Extracted data entries
lemma ctrace_pt: assumes M: "M \<in> carrier_mat dS dS" and X: "X \<in> carrier_mat (dS*dB) (dS*dB)"
  shows "ctrace dS (M * partial_trace_B dS dB X) = ctrace (dS*dB) (lift_S dS dB M * X)"
proof -
  let ?N = "dS*dB"
  have "ctrace ?N (lift_S dS dB M * X) = (\<Sum>r<?N. \<Sum>c<?N. lift_S dS dB M $$ (r,c) * X $$ (c,r))"
    unfolding ctrace_def using X by (intro sum.cong refl) (simp add: mult_entry[of _ ?N ?N _ ?N])
  also have "\<dots> = (\<Sum>i<dS. \<Sum>a<dB. \<Sum>j<dS. \<Sum>b<dB. lift_S dS dB M $$ (i*dB+a,j*dB+b) * X $$ (j*dB+b,i*dB+a))"
    unfolding sum_split_prod ..
  also have "\<dots> = (\<Sum>i<dS. \<Sum>a<dB. \<Sum>j<dS. M$$(i,j) * X $$ (j*dB+a,i*dB+a))"
  proof (intro sum.cong refl)
    fix i a j assume "i \<in> {..<dS}" "a \<in> {..<dB}" "j \<in> {..<dS}"
    then have i: "i < dS" and a: "a < dB" and j: "j < dS" by auto
    have "(\<Sum>b<dB. lift_S dS dB M $$ (i*dB+a,j*dB+b) * X $$ (j*dB+b,i*dB+a))
       = (\<Sum>b<dB. (if a = b then M$$(i,j) else 0) * X $$ (j*dB+b,i*dB+a))"
      by (intro sum.cong refl) (simp add: lift_S_idx[OF i a j])
    then show "(\<Sum>b<dB. lift_S dS dB M $$ (i*dB+a,j*dB+b) * X $$ (j*dB+b,i*dB+a)) = M$$(i,j) * X $$ (j*dB+a,i*dB+a)"
      using sum_kronecker_left[OF a] by simp
  qed
  also have "\<dots> = (\<Sum>i<dS. \<Sum>j<dS. \<Sum>a<dB. M$$(i,j) * X $$ (j*dB+a,i*dB+a))"
    by (rule sum.cong[OF refl], rule sum.swap)
  also have "\<dots> = ctrace dS (M * partial_trace_B dS dB X)"
    unfolding ctrace_def using M
    by (intro sum.cong refl) (simp add: mult_entry[of _ dS dS _ dS] pt_index sum_distrib_left)
  finally show ?thesis by simp
qed

text \<open>The lift of a contraction is a contraction: it acts blockwise on the B-components.\<close>
lemma contractive_lift_S: assumes c: "contractive dS M" shows "contractive (dS*dB) (lift_S dS dB M)"
  unfolding contractive_def
proof
  fix z :: "nat \<Rightarrow> complex"
  let ?N = "dS*dB" and ?z = "\<lambda>a i. z (i*dB + a)"
  have "cinner ?N z (mulv ?N (lift_S dS dB M) z)
      = (\<Sum>i<dS. \<Sum>a<dB. cnj (z (i*dB+a)) * (\<Sum>j<dS. \<Sum>b<dB. lift_S dS dB M $$ (i*dB+a,j*dB+b) * z (j*dB+b)))"
    unfolding cinner_def mulv_def sum_split_prod ..
  also have "\<dots> = (\<Sum>i<dS. \<Sum>a<dB. cnj (z (i*dB+a)) * (\<Sum>j<dS. M$$(i,j) * z (j*dB+a)))"
  proof (intro sum.cong refl arg_cong2[where f="(*)"])
    fix i a j assume "i \<in> {..<dS}" "a \<in> {..<dB}" "j \<in> {..<dS}"
    then have i: "i < dS" and a: "a < dB" and j: "j < dS" by auto
    have "(\<Sum>b<dB. lift_S dS dB M $$ (i*dB+a,j*dB+b) * z (j*dB+b)) = (\<Sum>b<dB. (if a = b then M$$(i,j) else 0) * z (j*dB+b))"
      by (intro sum.cong refl) (simp add: lift_S_idx[OF i a j])
    then show "(\<Sum>b<dB. lift_S dS dB M $$ (i*dB+a,j*dB+b) * z (j*dB+b)) = M$$(i,j) * z (j*dB+a)"
      using sum_kronecker_left[OF a] by simp
  qed
  also have "\<dots> = (\<Sum>a<dB. cinner dS (?z a) (mulv dS M (?z a)))"
    unfolding cinner_def mulv_def by (rule sum.swap)
  finally have "cmod (cinner ?N z (mulv ?N (lift_S dS dB M) z)) \<le> (\<Sum>a<dB. cmod (cinner dS (?z a) (mulv dS M (?z a))))"
    by (simp add: norm_sum)
  also have "\<dots> \<le> (\<Sum>a<dB. sqnorm dS (?z a))"
    by (rule sum_mono) (use c in \<open>simp add: contractive_def\<close>)
  also have "\<dots> = sqnorm ?N z" unfolding sqnorm_def sum_split_prod by (rule sum.swap)
  finally show "cmod (cinner ?N z (mulv ?N (lift_S dS dB M) z)) \<le> sqnorm ?N z" .
qed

WORK TO COMPLETE:
Beginning at the top of the data, please return every line until and including the line containing "unfolding ctrace_def using M", copied exactly, and nothing past it.

YOUR RESPONSE:
lemma ctrace_pt: assumes M: "M \<in> carrier_mat dS dS" and X: "X \<in> carrier_mat (dS*dB) (dS*dB)"
  shows "ctrace dS (M * partial_trace_B dS dB X) = ctrace (dS*dB) (lift_S dS dB M * X)"
proof -
  let ?N = "dS*dB"
  have "ctrace ?N (lift_S dS dB M * X) = (\<Sum>r<?N. \<Sum>c<?N. lift_S dS dB M $$ (r,c) * X $$ (c,r))"
    unfolding ctrace_def using X by (intro sum.cong refl) (simp add: mult_entry[of _ ?N ?N _ ?N])
  also have "\<dots> = (\<Sum>i<dS. \<Sum>a<dB. \<Sum>j<dS. \<Sum>b<dB. lift_S dS dB M $$ (i*dB+a,j*dB+b) * X $$ (j*dB+b,i*dB+a))"
    unfolding sum_split_prod ..
  also have "\<dots> = (\<Sum>i<dS. \<Sum>a<dB. \<Sum>j<dS. M$$(i,j) * X $$ (j*dB+a,i*dB+a))"
  proof (intro sum.cong refl)
    fix i a j assume "i \<in> {..<dS}" "a \<in> {..<dB}" "j \<in> {..<dS}"
    then have i: "i < dS" and a: "a < dB" and j: "j < dS" by auto
    have "(\<Sum>b<dB. lift_S dS dB M $$ (i*dB+a,j*dB+b) * X $$ (j*dB+b,i*dB+a))
       = (\<Sum>b<dB. (if a = b then M$$(i,j) else 0) * X $$ (j*dB+b,i*dB+a))"
      by (intro sum.cong refl) (simp add: lift_S_idx[OF i a j])
    then show "(\<Sum>b<dB. lift_S dS dB M $$ (i*dB+a,j*dB+b) * X $$ (j*dB+b,i*dB+a)) = M$$(i,j) * X $$ (j*dB+a,i*dB+a)"
      using sum_kronecker_left[OF a] by simp
  qed
  also have "\<dots> = (\<Sum>i<dS. \<Sum>j<dS. \<Sum>a<dB. M$$(i,j) * X $$ (j*dB+a,i*dB+a))"
    by (rule sum.cong[OF refl], rule sum.swap)
  also have "\<dots> = ctrace dS (M * partial_trace_B dS dB X)"
    unfolding ctrace_def using M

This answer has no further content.